◆ WORK REQUEST ◆
Note the line where "theory Defs" appears in the data below; write it out exactly, along with every line that comes after it to the end.

** Opening INFORMATION SUPPLIED block **

(* Assume the $q$-Extended Church–Turing Thesis holds for a computable monotonically increasing overhead function $q:\mathbb N\times\mathbb N\to\mathbb N$. Let $\mathcal D$ be an enumerable domain and let $Q:\mathbb N\times\mathbb N\to\mathbb N$ be a computable monotonically increasing function. Then there exists an algorithm that solves the $\mathbf Q(\mathcal M_{\mathcal D},\mathcal D)$-learning problem from input-output observations, i.e. it learns in the limit, from input-output observations and arbitrary (restricted) input sources $I\subseteq\mathcal D$, every function in $\mathbf Q(\mathcal M_{\mathcal D},\mathcal D)$.
   Context: Learning framework. Let $\mathcal D$ be an enumerable domain. A computational model $M$ on $\mathcal D$ is a computable discrete-time dynamical system together with an input-setting and output-reading convention; it computes a partial (general recursive) function $f_M:\mathcal D\rightharpoonup\mathcal D$ defined exactly on the set $D_M\subseteq\mathcal D$ of inputs on which $M$ halts; $t_M(x)$ is the number of discrete steps $M$ takes on $x\in D_M$. $\mathcal M_{\mathcal D}$ is the set of all computational models on $\mathcal D$; the functions they compute are exactly the general recursive functions $G_{\mathcal D}$. For $\mathcal M\subseteq\mathcal M_{\mathcal D}$, $\mathcal F_{\mathcal M}$ is the set of functions computed by models in $\mathcal M$. An observation map $\alpha$ assigns to a model $M$ and $x\in D_M$ auxiliary information $\alpha(M,x)$; the example of $x$ is $\eta_M(x)=(x,f_M(x),\alpha(M,x))$ and $E_M(S)=\{\eta_M(x):x\in S\}$. A learner $\mathcal L$ solves the $(\mathcal M,\alpha)$-learning problem if there are a computable set of representations $\mathcal R$ and a simulation map $\mathfrak S:\mathcal R\to G_{\mathcal D}$ such that for every $M\in\mathcal M$, every input source $I\subseteq\mathcal D$ and every surjection $w:\mathbb N\to I_M:=I\cap D_M$, the hypotheses $R_t=\mathcal L(\eta_M(w_1),\dots,\eta_M(w_t))\in\mathcal R$ satisfy: there exist $t^\star$ and $\hat R$ with $R_t=\hat R$ for all $t\ge t^\star$ and $\mathfrak S(\hat R)$ agrees with $f_M$ on $I_M$. With input-output observations ($\alpha\equiv\varepsilon$, the empty string) and a concept class $\mathcal F\subseteq G_{\mathcal D}$, this is called the $\mathcal F$-learning problem (examples are $(x,f(x))$ for $x\in I\cap D_f$, $D_f$ the domain of $f$). Complexity classes. Let $\mathrm{size}_{\mathcal D}:\mathcal D\to\mathbb N$ be a canonical size measure known to the learner. For $\mathcal M\subseteq\mathcal M_{\mathcal D}$ and computable monotonically increasing $Q:\mathbb N\times\mathbb N\to\mathbb N$, $\mathbf{TIME}^{\mathcal M}_{\mathcal D}(Q(c,n))$ is the set of $f\in\mathcal F_{\mathcal M}$ for which some $M\in\mathcal M$ (not necessarily a Turing machine) computes $f$ on every $x\in D_f$ with $\mathrm{size}_{\mathcal D}(x)=n$ in $O(Q(c,n))$ steps; $\mathbf Q(\mathcal M,\mathcal D)=\bigcup_{c\in\mathbb N}\mathbf{TIME}^{\mathcal M}_{\mathcal D}(Q(c,n))$. Turing machines. Fix a finite problem alphabet $\Sigma$, a blank $\lambda\notin\Sigma$ and a finite tape alphabet $\Gamma\supseteq\Sigma\cup\{\lambda\}$. A TM is $T=(Q,\Gamma,\delta)$ with finite state set $Q$ (containing a start state $q_0$ and halt state $q_f$) and $\delta:Q\times\Gamma\to Q\times\Gamma\times\{L,R,S\}$ (write, then move left/right/stay) on a bi-infinite tape; the input $x\in\Sigma^*$ is written on a blank tape with the head on its first symbol; the output $T(x)$ is defined iff at halting the tape contains exactly one contiguous string from $\Sigma^*$, which is the output. $\mathcal T$ denotes this class of TMs, computing the general recursive functions on $\Sigma^*$. $q$-ECTT: for every physically realizable computational model $M$ on $\mathcal D$ there are a constant $c\in\mathbb N$ and a TM $T\in\mathcal T$ such that, for (any natural) computable injective encoding $\varphi:\mathcal D\to\Sigma^*$, whenever $M$'s computation on $x$ takes $t$ steps, $T$ on input $\varphi(x)$ simulates it (producing $\varphi(f_M(x))$) within $q(c,t)$ steps. *)

theory Defs
  imports Main "HOL-Library.Nat_Bijection"
begin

** Closing INFORMATION SUPPLIED block **

◆ TASK RESPONSE ◆
theory Defs
  imports Main "HOL-Library.Nat_Bijection"
begin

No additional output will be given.